*Work to be completed*.
Report each line of the data that has "reference" somewhere in it.

Top of Information

(* Assume Assumption (S). For Runge–Kutta coefficients $d_{\ell\kappa}$ and source functions $g^{n,\kappa}\in L^2(\Omega)$, let $G^{n,\ell,*}\in\mathbb V^k$ be defined by $(G^{n,\ell,*},\omega)_*=\sum_{0\le\kappa\le\ell}d_{\ell\kappa}(g^{n,\kappa},M^*\omega)$ for all $\omega\in\mathbb V^k$. Then there is a constant $C>0$ independent of $n$ (and of the mesh) such that $$\|G^{n,\ell,*}\|_*^2\le C\sum_{\kappa=0}^\ell\|g^{n,\kappa}\|^2,\qquad0\le\ell\le s-1.$$
   Context: Let $\Omega=[a,b]$ be partitioned into finitely many cells $I_i=[x_{i-\frac12},x_{i+\frac12}]$ with sizes $h_i$, $h=\max_ih_i$, quasi-uniform ($h\le Ch_i$, fixed $C$). $(\cdot,\cdot)$, $\|\cdot\|$: $L^2(\Omega)$ inner product and norm; $(\cdot,\cdot)_{I_i}$: $L^2(I_i)$ inner product. $\mathbb V^k=\{v\in L^2(\Omega): v|_{I_i}\in\mathbb P^k(I_i)\ \forall i\}$. Each $I_i$ has subdivision points $x_{i-\frac12}=x_{i,0}<x_{i,1}<\dots<x_{i,k}<x_{i,k+1}=x_{i+\frac12}$, control volumes $I_{i,j}=[x_{i,j},x_{i,j+1}]$; $\mathbb V^{k,*}$ = functions constant on each $I_{i,j}$. Quadrature on $I_i$: $Q_i^k(v)=\sum_{j=0}^{k+1}A_{i,j}v(x_{i,j})$, error $R_i^k(v)=\int_{I_i}v\,dx-Q_i^k(v)$, exact on $\mathbb P^{k-1}(I_i)$. $M^*:\mathbb V^k\to\mathbb V^{k,*}$: for $v=\omega|_{I_i}$, $(M^*\omega)|_{I_{i,0}}=v(x_{i-\frac12})+A_{i,0}v'(x_{i-\frac12})$, $(M^*\omega)|_{I_{i,j}}-(M^*\omega)|_{I_{i,j-1}}=A_{i,j}v'(x_{i,j})$, $j=1,\dots,k$ (one-sided values from inside $I_i$). $L_{i,\ell}$: shifted Legendre polynomial of degree $\ell$ on $I_i$, $L_{i,\ell}(x_{i+\frac12})=1$, $(L_{i,\ell},L_{i,m})_{I_i}=\delta_{\ell m}h_i/(2\ell+1)$. Assumption (S): $k\ge1$ and for every $i$, $R_i^k$ vanishes on $\mathbb P^{2k-1}(I_i)$ and $\frac{h_i}{2k-1}-Q_i^k(L_{i,k+1}L_{i,k-1})>0$; then $(v,\omega)_*:=(v,M^*\omega)$ is an inner product on $\mathbb V^k$, $\|v\|_*=\sqrt{(v,v)_*}$. The $d_{\ell\kappa}$ ($0\le\kappa\le\ell\le s-1$) are fixed coefficients of an explicit $s$-stage Runge–Kutta method. *)

theory Defs
  imports "HOL-Analysis.Analysis" "HOL-Computational_Algebra.Polynomial"
begin

text \<open>Mesh on Omega = [xs 0, xs N]: cells I_i = [xs i, xs (Suc i)], i < N.\<close>
definition mesh :: "nat \<Rightarrow> (nat \<Rightarrow> real) \<Rightarrow> bool" where
  "mesh N xs \<longleftrightarrow> N \<ge> 1 \<and> (\<forall>i<N. xs i < xs (Suc i))"

definition cell_size :: "(nat \<Rightarrow> real) \<Rightarrow> nat \<Rightarrow> real" where
  "cell_size xs i = xs (Suc i) - xs i"

definition max_size :: "nat \<Rightarrow> (nat \<Rightarrow> real) \<Rightarrow> real" where
  "max_size N xs = Max (cell_size xs ` {..<N})"

definition quasi_uniform :: "real \<Rightarrow> nat \<Rightarrow> (nat \<Rightarrow> real) \<Rightarrow> bool" where
  "quasi_uniform Cq N xs \<longleftrightarrow> (\<forall>i<N. max_size N xs \<le> Cq * cell_size xs i)"

text \<open>Shifted Legendre polynomial of degree l on the reference cell [0,1] (Rodrigues formula),
  normalised so that its value at 1 is 1.\<close>
definition ref_legendre :: "nat \<Rightarrow> real poly" where
  "ref_legendre l = smult (1 / fact l) ((pderiv ^^ l) ([:0, -1, 1:] ^ l))"

definition ref_quad :: "nat \<Rightarrow> (nat \<Rightarrow> real) \<Rightarrow> (nat \<Rightarrow> real) \<Rightarrow> real poly \<Rightarrow> real" where
  "ref_quad k \<xi> \<omega> p = (\<Sum>j\<le>Suc k. \<omega> j * poly p (\<xi> j))"

text \<open>Assumption (S), on the reference cell [0,1] (h = 1).\<close>
definition assumption_S :: "nat \<Rightarrow> (nat \<Rightarrow> real) \<Rightarrow> (nat \<Rightarrow> real) \<Rightarrow> bool" where
  "assumption_S k \<xi> \<omega> \<longleftrightarrow>
     k \<ge> 1 \<and> \<xi> 0 = 0 \<and> \<xi> (Suc k) = 1 \<and> (\<forall>j\<le>k. \<xi> j < \<xi> (Suc j)) \<and>
     (\<forall>p. degree p \<le> 2 * k - 1 \<longrightarrow> integral {0..1} (poly p) = ref_quad k \<xi> \<omega> p) \<and>
     1 / (2 * real k - 1) - ref_quad k \<xi> \<omega> (ref_legendre (Suc k) * ref_legendre (k - 1)) > 0"

definition node :: "(nat \<Rightarrow> real) \<Rightarrow> (nat \<Rightarrow> real) \<Rightarrow> nat \<Rightarrow> nat \<Rightarrow> real" where
  "node xs \<xi> i j = xs i + cell_size xs i * \<xi> j"

definition weight :: "(nat \<Rightarrow> real) \<Rightarrow> (nat \<Rightarrow> real) \<Rightarrow> nat \<Rightarrow> nat \<Rightarrow> real" where
  "weight xs \<omega> i j = cell_size xs i * \<omega> j"

text \<open>Value of M^* w on control volume [X j, X (Suc j)] of a cell with nodes X, weights A,
  where p = w restricted to the cell.\<close>
primrec mstar_coef :: "(nat \<Rightarrow> real) \<Rightarrow> (nat \<Rightarrow> real) \<Rightarrow> real poly \<Rightarrow> nat \<Rightarrow> real" where
  "mstar_coef X A p 0 = poly p (X 0) + A 0 * poly (pderiv p) (X 0)"
| "mstar_coef X A p (Suc j) = mstar_coef X A p j + A (Suc j) * poly (pderiv p) (X (Suc j))"

definition Vk :: "nat \<Rightarrow> nat \<Rightarrow> (nat \<Rightarrow> real poly) \<Rightarrow> bool" where
  "Vk k N W \<longleftrightarrow> (\<forall>i<N. degree (W i) \<le> k)"

text \<open>L^2 pairing (f, M^* W), where f i is the function used on cell i.\<close>
definition pair_Mstar :: "nat \<Rightarrow> nat \<Rightarrow> (nat \<Rightarrow> real) \<Rightarrow> (nat \<Rightarrow> real) \<Rightarrow> (nat \<Rightarrow> real) \<Rightarrow>
    (nat \<Rightarrow> real \<Rightarrow> real) \<Rightarrow> (nat \<Rightarrow> real poly) \<Rightarrow> real" where
  "pair_Mstar k N xs \<xi> \<omega> f W =
     (\<Sum>i<N. \<Sum>j\<le>k. mstar_coef (node xs \<xi> i) (weight xs \<omega> i) (W i) j *
        (LBINT x:{node xs \<xi> i j..node xs \<xi> i (Suc j)}. f i x))"

definition star_ip :: "nat \<Rightarrow> nat \<Rightarrow> (nat \<Rightarrow> real) \<Rightarrow> (nat \<Rightarrow> real) \<Rightarrow> (nat \<Rightarrow> real) \<Rightarrow>
    (nat \<Rightarrow> real poly) \<Rightarrow> (nat \<Rightarrow> real poly) \<Rightarrow> real" where
  "star_ip k N xs \<xi> \<omega> V W = pair_Mstar k N xs \<xi> \<omega> (\<lambda>i. poly (V i)) W"

definition L2_on :: "real set \<Rightarrow> (real \<Rightarrow> real) \<Rightarrow> bool" where
  "L2_on S g \<longleftrightarrow> set_borel_measurable lborel S g \<and> set_integrable lborel S (\<lambda>x. (g x)\<^sup>2)"

definition L2_norm_sq :: "real set \<Rightarrow> (real \<Rightarrow> real) \<Rightarrow> real" where
  "L2_norm_sq S g = (LBINT x:S. (g x)\<^sup>2)"

end

theory Submission
  imports Defs
begin

(* On the reference cell expand v in P^k as v = sum_n b_n L_n and let V be an antiderivative.
   Summation by parts and exactness of the quadrature on P^(2k-1) turn (v, M^* v) into the
   integral of v^2 plus the quadrature error of v' V, and orthogonality leaves
     (v, M^* v) = sum_n b_n^2 / (2n+1) + b_k^2 rho,   rho = R(L_k' * antiderivative of L_k).
   Assumption (S) says exactly that 1/(2k+1) + rho > 0, so (v, M^* v) dominates sum_n b_n^2,
   which by Cauchy-Schwarz dominates ||M^* v||^2.  An affine change of variables carries this to
   every cell with the same constant K, so ||M^* G||^2 <= K ||G||_*^2 on any mesh.  Testing the
   defining relation of G with omega = G and applying Young's inequality to each (g, M^* G) gives
   ||G||_*^2 <= D (eps/2 ||M^* G||^2 + 1/(2 eps) sum ||g||^2), with D bounding the sums of |d|;
   eps = 1/(D K) absorbs the first term. *)

section \<open>Integrals of real polynomials\<close>

lemma integral_poly_pderiv:
  fixes p :: "real poly"
  assumes "a \<le> b"
  shows "integral {a..b} (poly (pderiv p)) = poly p b - poly p a"
proof -
  have "(poly (pderiv p) has_integral (poly p b - poly p a)) {a..b}"
    by (rule fundamental_theorem_of_calculus[OF assms])
       (auto intro!: DERIV_subset[OF poly_DERIV]
         simp: has_real_derivative_iff_has_vector_derivative[symmetric])
  then show ?thesis
    by (rule integral_unique)
qed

Bottom of Information

*Exercise result*.
text \<open>Shifted Legendre polynomial of degree l on the reference cell [0,1] (Rodrigues formula),
text \<open>Assumption (S), on the reference cell [0,1] (h = 1).\<close>
(* On the reference cell expand v in P^k as v = sum_n b_n L_n and let V be an antiderivative.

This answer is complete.